REINER: We were all getting harassed. We had to have a night watch. And they would patrol between our two houses and we had the coffee pot going in the back shed. Scary.

Reiner says the city and university has come a long way since then.

REINER: I feel sad because there’s some poor, crazy uneducated. He or she has not had the experiences we’ve had. I feel sorry for the person and I feel sorry for the victims. So, what can I say? I can’t say that the town is all bad because we’ve had a few of these isolated incidents.

Isolated incidents, however, can add up to a lot.

Valarie Jensen, who’s African American, moved to Valparaiso from Minnesota in 2004 to work at the university’s law school.

JENSEN: If you’re not from Valpo it’s very really hard to integrate into that community. And, I think when you’re a person of color, it is doubly hard.

For three years, Jensen said she saw many signs of an unwelcoming community for people of color.

JENSEN: My neighbor behind me who moved in had a Confederate flag on his truck, in his window and all of his friends wore Confederate flag T-shirts when they were painting his house. I lived next to him and he never said two words to me.

Jensen, who moved back to Minneapolis after she says her son was called the N-word in school, says too many in Valparaiso ignore the reality.

JENSEN: They need to deal with it. In saying nothing you’re saying a lot.

But one woman on the Northwest Indiana Race Relations Council says Valpo has been taking steps in the right direction in embracing diversity.

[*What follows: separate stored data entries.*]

lemma permutation_with_rank_word:
  assumes D: "derangement_word D" and fin: "finite C" and card: "card C = length D"
  obtains \<pi> where "\<pi> permutes C" "\<And>t. t \<in> C \<Longrightarrow> \<pi> t \<noteq> t"
    "\<And>t. t \<in> C \<Longrightarrow> int (rank_in C (\<pi> t)) + 1 = D ! rank_in C t"
proof -
  have rank_bij: "bij_betw (rank_in C) C {0..<length D}"
    using inj_on_rank_in[OF fin] rank_in_image[OF fin] card unfolding bij_betw_def by simp
  define g where "g = the_inv_into C (rank_in C)"
  have g: "g j \<in> C" "rank_in C (g j) = j" if "j < length D" for j
    using that bij_betw_the_inv_into[OF rank_bij] f_the_inv_into_f_bij_betw[OF rank_bij]
    unfolding g_def by (auto simp: bij_betw_def)
  define e where "e t = nat (D ! rank_in C t) - 1" for t
  have e: "e t < length D" "int (e t) + 1 = D ! rank_in C t" "e t \<noteq> rank_in C t" if "t \<in> C" for t
  proof -
    have j: "rank_in C t < length D" using rank_in_less_card[OF fin that] card by simp
    then have "D ! rank_in C t \<in> {1..int (length D)}" "D ! rank_in C t \<noteq> int (Suc (rank_in C t))"
      using D nth_mem[OF j] unfolding derangement_word_def by auto
    then show "e t < length D" "int (e t) + 1 = D ! rank_in C t" "e t \<noteq> rank_in C t"
      unfolding e_def by auto
  qed
  define \<pi> where "\<pi> t = (if t \<in> C then g (e t) else t)" for t
  have \<pi>C: "\<pi> t \<in> C" "rank_in C (\<pi> t) = e t" "\<pi> t \<noteq> t" if "t \<in> C" for t
    using g[OF e(1)[OF that]] e(3)[OF that] that unfolding \<pi>_def by auto
  have "inj_on \<pi> C"
  proof (rule inj_onI)
    fix s t assume st: "s \<in> C" "t \<in> C" "\<pi> s = \<pi> t"
    then have "D ! rank_in C s = D ! rank_in C t" using \<pi>C(2) e(2) by metis
    moreover have "rank_in C s < length D" "rank_in C t < length D"
      using rank_in_less_card[OF fin] st card by auto
    ultimately have "rank_in C s = rank_in C t"
      using D unfolding derangement_word_def by (simp add: nth_eq_iff_index_eq)
    then show "s = t" using inj_on_rank_in[OF fin] st by (metis inj_on_eq_iff)
  qed
  then have "bij_betw \<pi> C C" using \<pi>C(1)
    by (simp add: bij_betw_def endo_inj_surj[OF fin] image_subsetI)
  then have "\<pi> permutes C" by (rule bij_imp_permutes) (simp add: \<pi>_def)
  then show ?thesis using that \<pi>C(2,3) e(2) by simp
qed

FREEMAN-WILSON: And that’s not always been the case in Valparaiso. That was one of the last urban areas to really integrate.

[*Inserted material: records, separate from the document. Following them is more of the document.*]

lemma eight_mult_card_less:
  assumes "L mod 24 = 12" "18 \<le> L"
  shows "8 * card C < L + 4"
proof (rule ccontr)
  assume "\<not> 8 * card C < L + 4"
  define h where "h = L div 4"
  have L: "L = 4 * h" "even L" "3 dvd L" "4 dvd L" "3 dvd h"
    using assms(1) unfolding h_def by presburger+
  have h: "odd h" "9 \<le> h" using assms unfolding h_def by presburger+
  let ?count = "\<lambda>P. card {I \<in> C. P L (dstar L I)}"
  let ?deficit = "\<Sum>I\<in>C. deficit L (dstar L I)"
  have "?count near_thirds_shape = 0" using card_near_thirds_le L(3) by simp
  moreover have "?count thirds_shape \<le> 1" using card_thirds_le by (cases "3 dvd L") auto
  moreover have "6 \<le> ?deficit"
    using eight_mult_card_le[OF L(2)] \<open>\<not> 8 * card C < L + 4\<close> assms(2) by linarith
  ultimately have "?count quarters_shape \<noteq> 0" using sum_deficit_le_shape_counts by linarith
  then have "{I \<in> C. quarters_shape L (dstar L I)} \<noteq> {}" by (metis card.empty)
  then obtain J where J: "J \<in> C" "quarters_shape L (dstar L J)" by blast
  have "?deficit \<le> 6" using sum_deficit_le L(3,4) by simp
  then have tight: "(L - 2) + ?deficit \<le> 8 * card C"
    using \<open>\<not> 8 * card C < L + 4\<close> assms(2) by linarith
  let ?Q = "{Suc (Suc h)..<2 * h}"
  have "?Q \<subseteq> {2..<L}" using L(1) by auto
  then have "?Q = (\<Union>I\<in>C. widen (dstar L I) \<inter> ?Q)"
    using tight_count(1)[OF L(2) tight] by blast
  also have "card \<dots> = (\<Sum>I\<in>C. card (widen (dstar L I) \<inter> ?Q))"
    using widen_dstar_disjoint by (intro card_UN_disjoint[OF finite_codewords]) auto
  finally have "card ?Q = (\<Sum>I\<in>C. card (widen (dstar L I) \<inter> ?Q))" .
  also have "even \<dots>"
    using even_card_widen_dstar_Int_middle[OF L(1,5) _ J] tight_count(2)[OF L(2) tight] h(2)
    by (intro dvd_sum) simp
  finally show False using h by simp
qed

end

lemma card_SCAC3_bounds:
  assumes "is_SCAC L 3 C" "18 \<le> L" "even L"
  shows "8 * card C + 2 \<le> L + (if 3 dvd L then 4 else 2) + (if 4 dvd L then 2 else 0)"
    and "L mod 24 = 12 \<Longrightarrow> 8 * card C < L + 4"
proof -
  have "8 * card C + 2 \<le> L + (if 3 dvd L then 4 else 2) + (if 4 dvd L then 2 else 0)
      \<and> (L mod 24 = 12 \<longrightarrow> 8 * card C < L + 4)"
  proof (cases "2 \<le> card C")
    case True
    then interpret scac3 L C using assms(1) by unfold_locales
    show ?thesis using eight_mult_card_le[OF assms(3)] sum_deficit_le eight_mult_card_less assms(2)
      by fastforce
  qed (use assms(2) in auto)
  then show "8 * card C + 2 \<le> L + (if 3 dvd L then 4 else 2) + (if 4 dvd L then 2 else 0)"
    and "L mod 24 = 12 \<Longrightarrow> 8 * card C < L + 4" by auto
qed

lemma bounds_from_count:
  fixes L M :: nat
  assumes "even L" "8 * M + 2 \<le> L + (if 3 dvd L then 4 else 2) + (if 4 dvd L then 2 else 0)"
    and "L mod 24 = 12 \<Longrightarrow> 8 * M < L + 4"
  shows "(L mod 8 = 0 \<longrightarrow> M \<le> L div 8)
       \<and> (L mod 8 = 4 \<longrightarrow> M \<le> (L - 4) div 8)
       \<and> (L mod 24 = 6 \<longrightarrow> M \<le> (L + 2) div 8)
       \<and> (L mod 24 \<in> {2, 10, 18} \<longrightarrow> M \<le> (L - 2) div 8)
       \<and> (L mod 24 \<in> {14, 22} \<longrightarrow> M \<le> (L - 6) div 8)"
proof -
  define q r where "q = L div 24" and "r = L mod 24"
  have L: "L = 24 * q + r" and "r < 24" "even r"
    using assms(1) unfolding q_def r_def by presburger+
  have residues: "3 dvd L \<longleftrightarrow> 3 dvd r" "4 dvd L \<longleftrightarrow> 4 dvd r" "L mod 8 = r mod 8"
    unfolding L by presburger+
  have "r \<in> {0, 2, 4, 6, 8, 10, 12, 14, 16, 18, 20, 22}"
    using \<open>r < 24\<close> \<open>even r\<close> by (auto simp: set_eq_iff) presburger
  then show ?thesis
    using assms(2,3) unfolding residues r_def[symmetric] unfolding L
    by (elim insertE emptyE; simp; presburger)
qed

Karen Freeman-Wilson is a former attorney general in Indiana and one of two black woman to hold the post. She speculates that some people’s racist attitude toward the nation’s first black president Barack Obama and Valparaiso’s own efforts could be why such incidents have picked up recently.

FREEMAN-WILSON: Sometimes you think that maybe the pro-activity might have resulted in some backlash in terms of folks who are less forward thinking being threatened by some of the progressive things that the administration in Valparaiso has engaged in.

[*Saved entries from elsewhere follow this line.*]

(* Let $G$ be the final graph of the uncoordinated construction (described in the context) on a finite point set $P\subset\mathbb{R}^d$ with parameter $s>1$. Let $\mathcal{W}$ be the collection consisting of, for each edge $pq$ of $G$, the pair $(B_r(p),B_r(q))$ with $r=|pq|/(2s+2)$. Then $\mathcal{W}$ is an $s$-well-separated pair decomposition of $P$, and its size equals the number of edges of $G$.
   Context: Fix $d\ge 1$. Let $P\subset\mathbb{R}^d$ be a finite set of $n\ge 2$ points, $|xy|$ the Euclidean distance, $s>1$. For $p\in P$ and $r\ge0$, $B_r(p)=\{x\in P: |px|\le r\}$. Uncoordinated construction: start with the graph $G$ on vertex set $P$ with no edges. Every ordered pair $(p,q)$ of distinct points of $P$ is processed exactly once, in an arbitrary order, one at a time. When $(p,q)$ is processed, the edge $pq$ is added to $G$ unless $G$ currently contains an edge whose endpoints can be labeled $p',q'$ with $|pp'|\le |p'q'|/(2s+2)$ and $|qq'|\le |p'q'|/(2s+2)$. $G$ is the graph after all pairs are processed. For $A,B\subseteq P$: $\mathrm{diam}(A)=\max_{x,y\in A}|xy|$, $d(A,B)=\min_{x\in A,y\in B}|xy|$; $(A,B)$ is $s$-separated if $d(A,B)\ge s\cdot\max(\mathrm{diam}(A),\mathrm{diam}(B))$. An $s$-well-separated pair decomposition ($s$-WSPD) of $P$ is a collection of pairs $\{(A_i,B_i)\}_{i=1}^m$ with $A_i,B_i\subseteq P$, each pair $s$-separated, such that for any two points $p,q\in P$ there is some $i$ with $p\in A_i$ and $q\in B_i$; $m$ is its size. *)

theory Defs
  imports "HOL-Analysis.Analysis"
begin

definition ballP :: "'a::metric_space set \<Rightarrow> 'a \<Rightarrow> real \<Rightarrow> 'a set" where
  "ballP P p r = {x \<in> P. dist p x \<le> r}"

definition blocked :: "real \<Rightarrow> 'a::metric_space set set \<Rightarrow> 'a \<Rightarrow> 'a \<Rightarrow> bool" where
  "blocked s E p q \<longleftrightarrow> (\<exists>p' q'. {p', q'} \<in> E \<and>
      dist p p' \<le> dist p' q' / (2 * s + 2) \<and> dist q q' \<le> dist p' q' / (2 * s + 2))"

definition step :: "real \<Rightarrow> 'a::metric_space set set \<Rightarrow> 'a \<times> 'a \<Rightarrow> 'a set set" where
  "step s E pq = (if blocked s E (fst pq) (snd pq) then E else insert {fst pq, snd pq} E)"

definition uncoord_graph :: "real \<Rightarrow> ('a::metric_space \<times> 'a) list \<Rightarrow> 'a set set" where
  "uncoord_graph s L = fold (\<lambda>pq E. step s E pq) L {}"

text \<open>s-separated pair, using library diameter and setdist (for finite nonempty sets these
  are max and min of distances).\<close>
definition s_separated :: "real \<Rightarrow> 'a::metric_space set \<Rightarrow> 'a set \<Rightarrow> bool" where
  "s_separated s A B \<longleftrightarrow> setdist A B \<ge> s * max (diameter A) (diameter B)"

definition is_wspd :: "real \<Rightarrow> 'a::metric_space set \<Rightarrow> 'a set set set \<Rightarrow> bool" where
  "is_wspd s P W \<longleftrightarrow> finite W \<and>
     (\<forall>w\<in>W. \<exists>A B. w = {A, B} \<and> A \<subseteq> P \<and> B \<subseteq> P \<and> s_separated s A B) \<and>
     (\<forall>p\<in>P. \<forall>q\<in>P. p \<noteq> q \<longrightarrow> (\<exists>w\<in>W. \<exists>A B. w = {A, B} \<and> p \<in> A \<and> q \<in> B))"

end

theory Submission
  imports Defs
begin

text \<open>
  Two balls of radius r = |pq|/(2s+2) around p and q have diameter at most 2r and are at
  distance at least |pq| - 2r = 2sr, so they are s-separated. Every ordered pair (p,q) is blocked
  once it has been processed, either by an earlier edge or by its own new edge pq, and a blocking
  edge p'q' puts p and q into the two balls it contributes; hence the pairs cover P. Finally, if a
  newly added edge pq produced the same pair of balls as an earlier edge, then p and q would lie in
  the balls of that earlier edge, which therefore blocks pq; so distinct edges give distinct pairs.
\<close>

lemma diameter_doubleton: "diameter {a, b :: 'a::metric_space} = dist a b"
proof (rule antisym)
  show "diameter {a, b} \<le> dist a b"
    unfolding diameter_def by (auto simp: dist_commute intro!: cSup_least)
  show "dist a b \<le> diameter {a, b}"
    by (rule diameter_bounded_bound) auto
qed

lemma diameter_ballP_le:
  fixes x :: "'a::metric_space"
  assumes "0 \<le> r"
  shows "diameter (ballP P x r) \<le> 2 * r"
proof (cases "ballP P x r = {}")
  case False
  have "dist y z \<le> 2 * r" if "y \<in> ballP P x r" "z \<in> ballP P x r" for y z
    using that dist_triangle[of y z x] by (auto simp: ballP_def dist_commute)
  then show ?thesis
    using False unfolding diameter_def by (auto intro!: cSUP_least)
qed (use assms in simp)

lemma s_separated_ballP:
  fixes p q :: "'a::metric_space"
  assumes "p \<in> P" "q \<in> P" "0 \<le> s"
  shows "s_separated s (ballP P p (dist p q / (2 * s + 2))) (ballP P q (dist p q / (2 * s + 2)))"
proof -
  define r where "r = dist p q / (2 * s + 2)"
  have "0 \<le> r" and pq: "dist p q = (2 * s + 2) * r"
    using assms(3) by (simp_all add: r_def)
  have "2 * s * r \<le> setdist (ballP P p r) (ballP P q r)"
    unfolding le_setdist_iff
  proof (intro conjI ballI impI)
    fix x y assume "x \<in> ballP P p r" "y \<in> ballP P q r"
    then have "dist p x \<le> r" "dist q y \<le> r" by (auto simp: ballP_def)
    moreover have "dist p q \<le> dist p x + dist x y + dist y q"
      using dist_triangle[of p q x] dist_triangle[of x q y] by simp
    ultimately show "2 * s * r \<le> dist x y"
      using pq by (simp add: dist_commute algebra_simps)
  next
    assume "ballP P p r = {} \<or> ballP P q r = {}"
    then show "2 * s * r \<le> 0" using assms \<open>0 \<le> r\<close> by (auto simp: ballP_def)
  qed
  moreover have "s * max (diameter (ballP P p r)) (diameter (ballP P q r)) \<le> s * (2 * r)"
    using diameter_ballP_le[OF \<open>0 \<le> r\<close>] assms(3) by (intro mult_left_mono) auto
  ultimately show ?thesis
    unfolding s_separated_def r_def[symmetric] by simp
qed

text \<open>Since diameter {p, q} = |pq|, this is the pair (B_r(p), B_r(q)) that the edge pq contributes.\<close>
definition edge_balls :: "'a::metric_space set \<Rightarrow> real \<Rightarrow> 'a set \<Rightarrow> 'a set set" where
  "edge_balls P s e = (\<lambda>x. ballP P x (diameter e / (2 * s + 2))) ` e"

lemma edge_balls_doubleton:
  "edge_balls P s {p, q} = {ballP P p (dist p q / (2 * s + 2)), ballP P q (dist p q / (2 * s + 2))}"
  by (simp add: edge_balls_def diameter_doubleton)

abbreviation process_pairs :: "real \<Rightarrow> ('a::metric_space \<times> 'a) list \<Rightarrow> 'a set set \<Rightarrow> 'a set set"
  where "process_pairs s L E \<equiv> fold (\<lambda>pq E. step s E pq) L E"

lemma subset_process_pairs: "E \<subseteq> process_pairs s L E"
proof (induction L arbitrary: E)
  case (Cons x L)
  have "E \<subseteq> step s E x" by (simp add: step_def subset_insertI)
  with Cons.IH[of "step s E x"] show ?case by simp
qed simp

lemma edge_process_pairs:
  "e \<in> process_pairs s L E \<Longrightarrow> e \<in> E \<or> (\<exists>(a, b) \<in> set L. e = {a, b})"
proof (induction L arbitrary: E)
  case (Cons x L)
  from Cons.IH[OF Cons.prems[simplified]] show ?case
    by (cases x) (auto simp: step_def split: if_splits)
qed simp

lemma blocked_mono: "blocked s E p q \<Longrightarrow> E \<subseteq> E' \<Longrightarrow> blocked s E' p q"
  unfolding blocked_def by blast

lemma blocked_step_self:
  assumes "-1 < s"
  shows "blocked s (step s E (p, q)) p q"
proof (cases "blocked s E p q")
  case False
  have "0 \<le> dist p q / (2 * s + 2)" using assms by simp
  with False show ?thesis
    unfolding step_def blocked_def by (intro exI[of _ p] exI[of _ q]) auto
qed (simp add: step_def)

lemma blocked_process_pairs:
  assumes "-1 < s" "(p, q) \<in> set L"
  shows "blocked s (process_pairs s L E) p q"
  using assms(2)
proof (induction L arbitrary: E)
  case (Cons x L)
  show ?case
  proof (cases "(p, q) \<in> set L")
    case False
    with Cons.prems have "x = (p, q)" by simp
    with blocked_step_self[OF assms(1)] show ?thesis
      using blocked_mono subset_process_pairs by (simp, blast)
  qed (use Cons.IH in simp)
qed simp

lemma blocked_if_edge_balls_eq:
  assumes "-1 < s" "p \<in> P" "q \<in> P" "{c, d} \<in> E"
    and eq: "edge_balls P s {p, q} = edge_balls P s {c, d}"
  shows "blocked s E p q"
proof -
  define r r' where "r = dist p q / (2 * s + 2)" and "r' = dist c d / (2 * s + 2)"
  have p: "p \<in> ballP P p r" and q: "q \<in> ballP P q r"
    using assms(1-3) by (simp_all add: ballP_def r_def)
  from eq have "{ballP P p r, ballP P q r} = {ballP P c r', ballP P d r'}"
    by (simp only: edge_balls_doubleton r_def r'_def)
  then consider "ballP P p r = ballP P c r'" "ballP P q r = ballP P d r'"
    | "ballP P p r = ballP P d r'" "ballP P q r = ballP P c r'"
    by (auto simp: doubleton_eq_iff)
  then show ?thesis
  proof cases
    case 1
    with p q assms(4) show ?thesis
      unfolding blocked_def r'_def by (intro exI[of _ c] exI[of _ d]) (auto simp: ballP_def dist_commute)
  next
    case 2
    moreover have "{d, c} \<in> E" using assms(4) by (simp add: insert_commute)
    ultimately show ?thesis using p q
      unfolding blocked_def r'_def by (intro exI[of _ d] exI[of _ c]) (auto simp: ballP_def dist_commute)
  qed
qed

lemma inj_on_edge_balls_step:
  assumes "-1 < s" "p \<in> P" "q \<in> P"
    and doubletons: "\<forall>e \<in> E. \<exists>c d. e = {c, d}"
    and inj: "inj_on (edge_balls P s) E"
  shows "inj_on (edge_balls P s) (step s E (p, q))"
proof (cases "blocked s E p q")
  case False
  have "edge_balls P s {p, q} \<notin> edge_balls P s ` (E - {{p, q}})"
  proof
    assume "edge_balls P s {p, q} \<in> edge_balls P s ` (E - {{p, q}})"
    then obtain e where e: "e \<in> E" "edge_balls P s {p, q} = edge_balls P s e" by blast
    moreover obtain c d where "e = {c, d}" using doubletons e(1) by blast
    ultimately show False
      using blocked_if_edge_balls_eq[OF assms(1-3), of c d E] False by simp
  qed
  with inj False show ?thesis by (simp add: step_def)
qed (use inj in \<open>simp add: step_def\<close>)

lemma inj_on_edge_balls_process_pairs:
  assumes "-1 < s" "set L \<subseteq> P \<times> P"
    and "\<forall>e \<in> E. \<exists>c d. e = {c, d}" "inj_on (edge_balls P s) E"
  shows "inj_on (edge_balls P s) (process_pairs s L E)"
  using assms(2-)
proof (induction L arbitrary: E)
  case (Cons x L)
  obtain p q where x: "x = (p, q)" by fastforce
  have "p \<in> P" "q \<in> P" using Cons.prems(1) x by auto
  with Cons.prems(2,3) have "inj_on (edge_balls P s) (step s E x)"
    using inj_on_edge_balls_step[OF assms(1)] x by simp
  moreover have "\<forall>e \<in> step s E x. \<exists>c d. e = {c, d}"
    using Cons.prems(2) by (auto simp: step_def)
  ultimately show ?case using Cons.IH Cons.prems(1) by simp
qed simp

lemma edge_uncoord_graph:
  assumes "set L \<subseteq> P \<times> P" "e \<in> uncoord_graph s L"
  shows "\<exists>a \<in> P. \<exists>b \<in> P. e = {a, b}"
  using edge_process_pairs[of e s L "{}"] assms by (auto simp: uncoord_graph_def)

lemma finite_uncoord_graph:
  assumes "finite P" "set L \<subseteq> P \<times> P"
  shows "finite (uncoord_graph s L)"
proof (rule finite_subset)
  show "uncoord_graph s L \<subseteq> Pow P" using edge_uncoord_graph[OF assms(2)] by blast
qed (use assms(1) in simp)

lemma inj_on_edge_balls_uncoord_graph:
  assumes "-1 < s" "set L \<subseteq> P \<times> P"
  shows "inj_on (edge_balls P s) (uncoord_graph s L)"
  unfolding uncoord_graph_def using inj_on_edge_balls_process_pairs[OF assms] by simp

lemma image_edge_balls_uncoord_graph:
  assumes "set L \<subseteq> P \<times> P"
  shows "{{ballP P p (dist p q / (2 * s + 2)), ballP P q (dist p q / (2 * s + 2))} | p q.
            {p, q} \<in> uncoord_graph s L} = edge_balls P s ` uncoord_graph s L"
proof (intro equalityI subsetI)
  fix w assume "w \<in> edge_balls P s ` uncoord_graph s L"
  then obtain p q where "{p, q} \<in> uncoord_graph s L" "w = edge_balls P s {p, q}"
    using edge_uncoord_graph[OF assms] by blast
  then show "w \<in> {{ballP P p (dist p q / (2 * s + 2)), ballP P q (dist p q / (2 * s + 2))} | p q.
            {p, q} \<in> uncoord_graph s L}" by (auto simp: edge_balls_doubleton)
qed (auto simp: edge_balls_doubleton[symmetric])

lemma is_wspd_edge_balls_uncoord_graph:
  assumes "finite P" "0 \<le> s" and L: "set L = {(p, q). p \<in> P \<and> q \<in> P \<and> p \<noteq> q}"
  shows "is_wspd s P (edge_balls P s ` uncoord_graph s L)"
proof -
  let ?G = "uncoord_graph s L"
  have LP: "set L \<subseteq> P \<times> P" using L by auto
  have separated: "\<exists>A B. w = {A, B} \<and> A \<subseteq> P \<and> B \<subseteq> P \<and> s_separated s A B"
    if "w \<in> edge_balls P s ` ?G" for w
  proof -
    from that edge_uncoord_graph[OF LP] obtain p q
      where pq: "p \<in> P" "q \<in> P" "w = edge_balls P s {p, q}" by blast
    let ?r = "dist p q / (2 * s + 2)"
    have "w = {ballP P p ?r, ballP P q ?r}" using pq(3) by (simp only: edge_balls_doubleton)
    moreover have "ballP P p ?r \<subseteq> P" "ballP P q ?r \<subseteq> P" by (auto simp: ballP_def)
    moreover have "s_separated s (ballP P p ?r) (ballP P q ?r)"
      using s_separated_ballP[OF pq(1,2) assms(2)] .
    ultimately show ?thesis by blast
  qed
  have cover: "\<exists>w \<in> edge_balls P s ` ?G. \<exists>A B. w = {A, B} \<and> p \<in> A \<and> q \<in> B"
    if "p \<in> P" "q \<in> P" "p \<noteq> q" for p q
  proof -
    have "blocked s ?G p q"
      using blocked_process_pairs[of s p q L "{}"] that assms(2) L by (simp add: uncoord_graph_def)
    then obtain a b where "{a, b} \<in> ?G" "dist p a \<le> dist a b / (2 * s + 2)"
      "dist q b \<le> dist a b / (2 * s + 2)" unfolding blocked_def by blast
    moreover have "p \<in> ballP P a (dist a b / (2 * s + 2))" "q \<in> ballP P b (dist a b / (2 * s + 2))"
      using calculation that by (auto simp: ballP_def dist_commute)
    moreover have "edge_balls P s {a, b} \<in> edge_balls P s ` ?G" using \<open>{a, b} \<in> ?G\<close> by blast
    moreover note edge_balls_doubleton[of P s a b]
    ultimately show ?thesis by blast
  qed
  show ?thesis
    using finite_uncoord_graph[OF assms(1) LP] separated cover by (simp add: is_wspd_def)
qed

theorem theorem4:
  fixes P :: "'a::euclidean_space set" and s :: real and L :: "('a \<times> 'a) list"
  assumes "finite P" and "card P \<ge> 2" and "s > 1"
    and "distinct L" and "set L = {(p, q). p \<in> P \<and> q \<in> P \<and> p \<noteq> q}"
  shows "is_wspd s P {{ballP P p (dist p q / (2 * s + 2)), ballP P q (dist p q / (2 * s + 2))} | p q.
                       {p, q} \<in> uncoord_graph s L}
       \<and> card {{ballP P p (dist p q / (2 * s + 2)), ballP P q (dist p q / (2 * s + 2))} | p q.
                       {p, q} \<in> uncoord_graph s L} = card (uncoord_graph s L)"
proof -
  have LP: "set L \<subseteq> P \<times> P" using assms(5) by auto
  have "is_wspd s P (edge_balls P s ` uncoord_graph s L)"
    using is_wspd_edge_balls_uncoord_graph[OF assms(1) _ assms(5)] assms(3) by simp
  moreover have "card (edge_balls P s ` uncoord_graph s L) = card (uncoord_graph s L)"
    using inj_on_edge_balls_uncoord_graph[OF _ LP] assms(3) by (simp add: card_image)
  ultimately show ?thesis
    unfolding image_edge_balls_uncoord_graph[OF LP] by simp
qed

end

Valpo resident Robert Cotton says he feels he’s successfully assimilated into this community. But he knows assimilation alone isn’t enough to keep racial taunting from happening.

COTTON: Nothing would stop that.

But Cotton adds that for him as a black man a sense of belonging has developed here. He believes Valparaiso will continue its efforts to be more inclusive.

If not…

COTTON: We will perhaps fall under the same weight of what has plagued so many other cities and that’s diversity lasting from the time the first black person gets here to the time the last white person leaves.

The incident at the high school was solved. But so far, police say they have no leads in solving the other race-related crimes. The Human Relations Council hopes to sponsor a public forum to keep the dialogue going.